E' il segno di un risveglio... di un cambiamento di tendenza? Speriamo.
Intanto 3000 persone - altrimenti troppo diverse nelle idee e nei comportamenti per incontrarsi - hanno marciato insieme per lo stesso motivo: il rispetto...

Quello che PRETENDIAMO da parte di chi ci amministra in forza di un mandato che noi stessi gli abbiamo dato, secondo le regole della DEMOCRAZIA.
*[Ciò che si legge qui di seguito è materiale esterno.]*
(* Let $V=(v_1,\dots,v_n)$ be an exchange collection in $(L,\omega)$, and let $L'\subset L$ be a sublattice of finite index containing all $v_i$, with form $\omega'=\omega|_{L'}$. Via restriction, $L^*\subset L'^*$, hence $\mathcal Q[L^*]\subset\mathcal Q[L'^*]$ and $\mathbb K_L\subset\mathbb K_{L'}$. The finite group $G=L/L'$ acts on $\mathcal Q[L'^*]$ and on $\mathbb K_{L'}$ by letting $n\in L$ send $X^{m'}\mapsto e^{2\pi i (m',n)}X^{m'}$, where $(m',n)\in\mathbb Q$ is the $\mathbb Q$-linear extension of the pairing $L'^*\times L'\to\mathbb Z$. Then $$\mathcal U(L,\omega;V)=\mathcal U(L',\omega';V)^G=\mathcal U(L',\omega';V)\cap\mathcal Q[L^*].$$
   Context: Let $L\cong\mathbb Z^r$ be a lattice, $L^*=\mathrm{Hom}(L,\mathbb Z)$, $(\cdot,\cdot)$ the canonical pairing, and $\omega:L\times L\to\mathbb Z$ a skew-symmetric bilinear form. Let $\mathcal Q=\mathbb Q(e^{2\pi i\mathbb Q})$ be $\mathbb Q$ with all roots of unity adjoined, $\mathcal Q[L^*]$ the group algebra of $L^*$ with monomials $X^m$ ($m\in L^*$), and $\mathbb K_L$ its fraction field (similarly for $L'$). For $v\in L$ let $\mu_v^*$ be the $\mathcal Q$-algebra automorphism of $\mathbb K_L$ given by $\mu_v^*(X^m)=X^m\,(1+X^{\omega(\cdot,v)})^{-(m,v)}$, where $\omega(\cdot,v)\in L^*$ is $w\mapsto\omega(w,v)$. An exchange collection is an $n$-tuple $V\in L^n$ (repetitions allowed), with multiplicity function $m_V(v)=\#\{i: v_i=v\}$. The upper bound is $\mathcal U(L,\omega;V)=\mathcal Q[L^*]\cap\bigcap_{v\in L}(\mu_v^* )^{m_V(v)}(\mathcal Q[L^*])\subset\mathbb K_L$, and analogously $\mathcal U(L',\omega';V)\subset\mathbb K_{L'}$ using the mutations of $(L',\omega')$. *)

theory Defs
  imports Complex_Main "HOL-Library.Function_Algebras" "HOL-Library.Poly_Mapping" "HOL-Computational_Algebra.Fraction_Field"
begin

text \<open>
The lattice L is Z^r, with r = CARD('r) (the index type 'r is finite and
linearly ordered).  Characters
(exponents) are rational vectors 'r =>0 rat, i.e. elements of Q (x) L^*; the pairing
with a lattice vector is the standard dot product.  L^* and L'^* are the subgroups
of rational vectors pairing integrally with L resp. L'  (this is the inclusion
L^* in L'^* given by restriction).  All group algebras live in the ambient
group algebra  ('r =>0 rat) =>0 complex, which is an integral domain, and all
fraction fields are subfields of its field of fractions.
\<close>

type_synonym 'r lvec = "'r \<Rightarrow> int"
type_synonym 'r expo = "'r \<Rightarrow>\<^sub>0 rat"
type_synonym 'r galg = "'r expo \<Rightarrow>\<^sub>0 complex"

inductive_set cyclo_field :: "complex set" where
  rat: "of_rat q \<in> cyclo_field"
| root: "cis (2 * pi * of_rat q) \<in> cyclo_field"
| add: "x \<in> cyclo_field \<Longrightarrow> y \<in> cyclo_field \<Longrightarrow> x + y \<in> cyclo_field"
| mult: "x \<in> cyclo_field \<Longrightarrow> y \<in> cyclo_field \<Longrightarrow> x * y \<in> cyclo_field"
| uminus: "x \<in> cyclo_field \<Longrightarrow> - x \<in> cyclo_field"
| inverse: "x \<in> cyclo_field \<Longrightarrow> inverse x \<in> cyclo_field"

definition pair :: "('r::finite) expo \<Rightarrow> 'r lvec \<Rightarrow> rat" where
  "pair m w = (\<Sum>i\<in>UNIV. Poly_Mapping.lookup m i * of_int (w i))"

definition dual :: "('r::finite) lvec set \<Rightarrow> 'r expo set" where
  "dual Lat = {m. \<forall>w\<in>Lat. pair m w \<in> \<int>}"

definition unit_vec :: "'r \<Rightarrow> 'r lvec" where
  "unit_vec i = (\<lambda>j. if j = i then 1 else 0)"
(* Let $R$ be a differential field of characteristic zero, let $\ell_0,r_0\in R$, and define $\ell_{j+1}=\ell_j'+r_j+\ell_0\ell_j$, $r_{j+1}=r_j'+r_0\ell_j$ for $j\ge0$. Suppose there is $p>0$ with $\ell_p\neq0$, $\ell_{p-1}\neq0$ and $$\frac{r_p}{\ell_p}=\frac{r_{p-1}}{\ell_{p-1}}=:\alpha .$$ Let $K$ be a differential field extension of $R$ containing nonzero elements $u,v$ with $u'=\alpha u$, $v'=\ell_0v$, and an element $\beta$ with $\beta'=u^2v$. Then every solution $y\in K$ of $y''=\ell_0y'+r_0y$ is of the form $y=u^{-1}(c_2+c_1\beta)$ for some constants $c_1,c_2$ of $K$.
   Context: Successive differentiation of $y''=\ell_0y'+r_0y$ gives $y^{(j+2)}=\ell_jy'+r_jy$ with $\ell_j,r_j$ defined by the stated recurrence. *)

theory Defs
  imports Main
begin

text \<open>A derivation on a field: additive and satisfying the Leibniz rule.
  A differential field K is a field type equipped with such a map D.\<close>
definition derivation :: "('a::field \<Rightarrow> 'a) \<Rightarrow> bool" where
  "derivation D \<longleftrightarrow> (\<forall>x y. D (x + y) = D x + D y) \<and> (\<forall>x y. D (x * y) = D x * y + x * D y)"

definition differential_subfield :: "('a::field \<Rightarrow> 'a) \<Rightarrow> 'a set \<Rightarrow> bool" where
  "differential_subfield D R \<longleftrightarrow>
     0 \<in> R \<and> 1 \<in> R \<and>
     (\<forall>x\<in>R. \<forall>y\<in>R. x + y \<in> R \<and> x * y \<in> R) \<and>
     (\<forall>x\<in>R. - x \<in> R \<and> inverse x \<in> R \<and> D x \<in> R)"

fun lr_seq :: "('a::field \<Rightarrow> 'a) \<Rightarrow> 'a \<Rightarrow> 'a \<Rightarrow> nat \<Rightarrow> 'a \<times> 'a" where
  "lr_seq D l0 r0 0 = (l0, r0)"
| "lr_seq D l0 r0 (Suc j) =
     (let (l, r) = lr_seq D l0 r0 j in (D l + r + l0 * l, D r + r0 * l))"

definition ell :: "('a::field \<Rightarrow> 'a) \<Rightarrow> 'a \<Rightarrow> 'a \<Rightarrow> nat \<Rightarrow> 'a" where
  "ell D l0 r0 j = fst (lr_seq D l0 r0 j)"

definition arr :: "('a::field \<Rightarrow> 'a) \<Rightarrow> 'a \<Rightarrow> 'a \<Rightarrow> nat \<Rightarrow> 'a" where
  "arr D l0 r0 j = snd (lr_seq D l0 r0 j)"

end

theory Submission
  imports Defs
begin

text \<open>Differentiating \<open>y'' = l\<^sub>0 y' + r\<^sub>0 y\<close> repeatedly gives
  \<open>y\<^bsup>(j+2)\<^esup> = l\<^sub>j y' + r\<^sub>j y\<close>. With \<open>p = q + 1\<close> the hypothesis says \<open>r\<^sub>q = \<alpha> l\<^sub>q\<close> and
  \<open>r\<^sub>p = \<alpha> l\<^sub>p\<close>, so for \<open>w = y' + \<alpha> y\<close> we get \<open>y\<^bsup>(q+2)\<^esup> = l\<^sub>q w\<close> and \<open>y\<^bsup>(q+3)\<^esup> = l\<^sub>p w\<close>.
  Comparing the derivative of the first identity with the second yields
  \<open>w' = (\<alpha> + l\<^sub>0) w\<close>, the equation also satisfied by \<open>u v\<close>; hence \<open>c\<^sub>1 = w / (u v)\<close>
  is a constant. Then \<open>(u y)' = u w = c\<^sub>1 \<beta>'\<close>, so \<open>c\<^sub>2 = u y - c\<^sub>1 \<beta>\<close> is a constant too.
  Neither the subfield \<open>R\<close> nor the characteristic plays a role.\<close>

lemma derivation_add: "derivation D \<Longrightarrow> D (a + b) = D a + D b"
  by (simp add: derivation_def)

lemma derivation_mult: "derivation D \<Longrightarrow> D (a * b) = D a * b + a * D b"
  by (simp add: derivation_def)

lemma derivation_diff:
  assumes "derivation D" shows "D (a - b) = D a - D b"
  using derivation_add[OF assms, of "a - b" b] by simp

lemma derivation_quotient_eq_0:
  assumes D: "derivation D" and "D w = c * w" and "D z = c * z" and "z \<noteq> 0"
  shows "D (w / z) = 0"
proof -
  have "D w = D (w / z * z)" using \<open>z \<noteq> 0\<close> by simp
  also have "\<dots> = D (w / z) * z + w / z * (c * z)"
    by (simp only: derivation_mult[OF D] \<open>D z = c * z\<close>)
  also have "\<dots> = D (w / z) * z + c * w"
    using \<open>z \<noteq> 0\<close> by simp
  finally have "D (w / z) * z = 0" using \<open>D w = c * w\<close> by simp
  then show ?thesis using \<open>z \<noteq> 0\<close> by simp
qed

lemma ell_Suc: "ell D l0 r0 (Suc j) = D (ell D l0 r0 j) + arr D l0 r0 j + l0 * ell D l0 r0 j"
  by (simp add: ell_def arr_def split: prod.splits)

lemma arr_Suc: "arr D l0 r0 (Suc j) = D (arr D l0 r0 j) + r0 * ell D l0 r0 j"
  by (simp add: ell_def arr_def split: prod.splits)

lemma higher_derivative_solution:
  assumes D: "derivation D" and y: "D (D y) = l0 * D y + r0 * y"
  shows "(D ^^ Suc (Suc j)) y = ell D l0 r0 j * D y + arr D l0 r0 j * y"
proof (induction j)
  case 0
  then show ?case using y by (simp add: ell_def arr_def)
next
  case (Suc j)
  have "(D ^^ Suc (Suc (Suc j))) y = D (ell D l0 r0 j * D y + arr D l0 r0 j * y)"
    using Suc by simp
  also have "\<dots> = D (ell D l0 r0 j) * D y + ell D l0 r0 j * (l0 * D y + r0 * y)
                   + D (arr D l0 r0 j) * y + arr D l0 r0 j * D y"
    using y by (simp add: derivation_add[OF D] derivation_mult[OF D])
  also have "\<dots> = ell D l0 r0 (Suc j) * D y + arr D l0 r0 (Suc j) * y"
    by (simp add: ell_Suc arr_Suc algebra_simps)
  finally show ?case .
qed

lemma solution_first_order_factor:
  assumes D: "derivation D" and y: "D (D y) = l0 * D y + r0 * y"
    and "ell D l0 r0 q \<noteq> 0"
    and arr_q: "arr D l0 r0 q = \<alpha> * ell D l0 r0 q"
    and arr_Suc_q: "arr D l0 r0 (Suc q) = \<alpha> * ell D l0 r0 (Suc q)"
  shows "D (D y + \<alpha> * y) = (\<alpha> + l0) * (D y + \<alpha> * y)"
proof -
  define L where "L = ell D l0 r0 q"
  define w where "w = D y + \<alpha> * y"
  have "(D ^^ Suc (Suc q)) y = L * w"
    using higher_derivative_solution[OF D y, of q] arr_q
    by (simp add: L_def w_def algebra_simps)
  then have "(D ^^ Suc (Suc (Suc q))) y = D L * w + L * D w"
    by (simp add: derivation_mult[OF D])
  moreover have "(D ^^ Suc (Suc (Suc q))) y = (D L + \<alpha> * L + l0 * L) * w"
    using higher_derivative_solution[OF D y, of "Suc q"] arr_Suc_q
    by (simp add: ell_Suc arr_q L_def w_def algebra_simps)
  ultimately have "L * D w = L * ((\<alpha> + l0) * w)"
    by (simp add: algebra_simps)
  then show ?thesis
    using \<open>ell D l0 r0 q \<noteq> 0\<close> by (simp add: L_def w_def)
qed

lemma solution_from_first_order_factor:
  assumes D: "derivation D"
    and factor: "D (D y + \<alpha> * y) = (\<alpha> + l0) * (D y + \<alpha> * y)"
    and "u \<noteq> 0" and "v \<noteq> 0"
    and "D u = \<alpha> * u" and "D v = l0 * v" and "D \<beta> = u ^ 2 * v"
  shows "\<exists>c1 c2. D c1 = 0 \<and> D c2 = 0 \<and> y = inverse u * (c2 + c1 * \<beta>)"
proof -
  define w where "w = D y + \<alpha> * y"
  define c1 where "c1 = w / (u * v)"
  have "D (u * v) = (\<alpha> + l0) * (u * v)"
    using \<open>D u = \<alpha> * u\<close> \<open>D v = l0 * v\<close> by (simp add: derivation_mult[OF D] algebra_simps)
  with factor have Dc1: "D c1 = 0"
    unfolding c1_def w_def
    by (rule derivation_quotient_eq_0[OF D]) (simp add: \<open>u \<noteq> 0\<close> \<open>v \<noteq> 0\<close>)
  have "D (u * y - c1 * \<beta>) = D (u * y) - c1 * D \<beta>"
    using Dc1 by (simp add: derivation_diff[OF D] derivation_mult[OF D])
  also have "D (u * y) = u * w"
    using \<open>D u = \<alpha> * u\<close> by (simp add: derivation_mult[OF D] w_def algebra_simps)
  also have "c1 * D \<beta> = u * w"
    using \<open>D \<beta> = u ^ 2 * v\<close> \<open>u \<noteq> 0\<close> \<open>v \<noteq> 0\<close> by (simp add: c1_def power2_eq_square)
  finally have Dc2: "D (u * y - c1 * \<beta>) = 0" by simp
  have "y = inverse u * ((u * y - c1 * \<beta>) + c1 * \<beta>)"
    using \<open>u \<noteq> 0\<close> by simp
  with Dc1 Dc2 show ?thesis by blast
qed

theorem mainTheorem6:
  fixes D :: "'a::field_char_0 \<Rightarrow> 'a" and R :: "'a set"
    and l0 r0 \<alpha> u v \<beta> :: 'a and p :: nat
  assumes "derivation D"
    and "differential_subfield D R"
    and "l0 \<in> R" and "r0 \<in> R"
    and "p > 0"
    and "ell D l0 r0 p \<noteq> 0" and "ell D l0 r0 (p - 1) \<noteq> 0"
    and "arr D l0 r0 p / ell D l0 r0 p = arr D l0 r0 (p - 1) / ell D l0 r0 (p - 1)"
    and "\<alpha> = arr D l0 r0 p / ell D l0 r0 p"
    and "u \<noteq> 0" and "v \<noteq> 0"
    and "D u = \<alpha> * u" and "D v = l0 * v" and "D \<beta> = u ^ 2 * v"
  shows "\<forall>y. D (D y) = l0 * D y + r0 * y \<longrightarrow>
           (\<exists>c1 c2. D c1 = 0 \<and> D c2 = 0 \<and> y = inverse u * (c2 + c1 * \<beta>))"
proof (intro allI impI)
  fix y assume y: "D (D y) = l0 * D y + r0 * y"
  obtain q where p: "p = Suc q" using \<open>p > 0\<close> by (cases p) auto
  have ell_q: "ell D l0 r0 q \<noteq> 0" and ell_Suc_q: "ell D l0 r0 (Suc q) \<noteq> 0"
    using assms(6,7) p by simp_all
  have "\<alpha> = arr D l0 r0 q / ell D l0 r0 q"
    using assms(8,9) p by (metis diff_Suc_1)
  then have "arr D l0 r0 q = \<alpha> * ell D l0 r0 q"
    using ell_q by simp
  moreover have "arr D l0 r0 (Suc q) = \<alpha> * ell D l0 r0 (Suc q)"
    using assms(9) ell_Suc_q p by simp
  ultimately have "D (D y + \<alpha> * y) = (\<alpha> + l0) * (D y + \<alpha> * y)"
    by (rule solution_first_order_factor[OF \<open>derivation D\<close> y ell_q])
  then show "\<exists>c1 c2. D c1 = 0 \<and> D c2 = 0 \<and> y = inverse u * (c2 + c1 * \<beta>)"
    using solution_from_first_order_factor[OF \<open>derivation D\<close>] assms(10-14) by blast
qed

end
Perciò abbiamo chiesto a gran voce che si tenesse conto delle nostre idee su 3 temi caldissimi ed importantissimi:
- l'elettrodotto aereo Würmlach-Somplago al quale diciamo fermamente "NO"!
- la privatizzazione dell'ACQUA alla quale obiettiamo che l'acqua è un bene primario e che, come tale, dev'essere DISPONIBILE per tutti, senza che qualcuno vi si arricchisca sopra.
- la minaccia ecologica e geologica rappresentata dagli sbalzi di livello cui è sottoposto il Lago di Cavazzo per consentire il potenziamento di una centrale idroelettrica.

Mentre chi istituzionalmente avrebbe dovuto sentire l'impegno ad esserci, si è comportato come i topi... anzi, come i ratti.

Per carità, nessuna meraviglia.
Che altro ci si potrebbe aspettare da certa gente?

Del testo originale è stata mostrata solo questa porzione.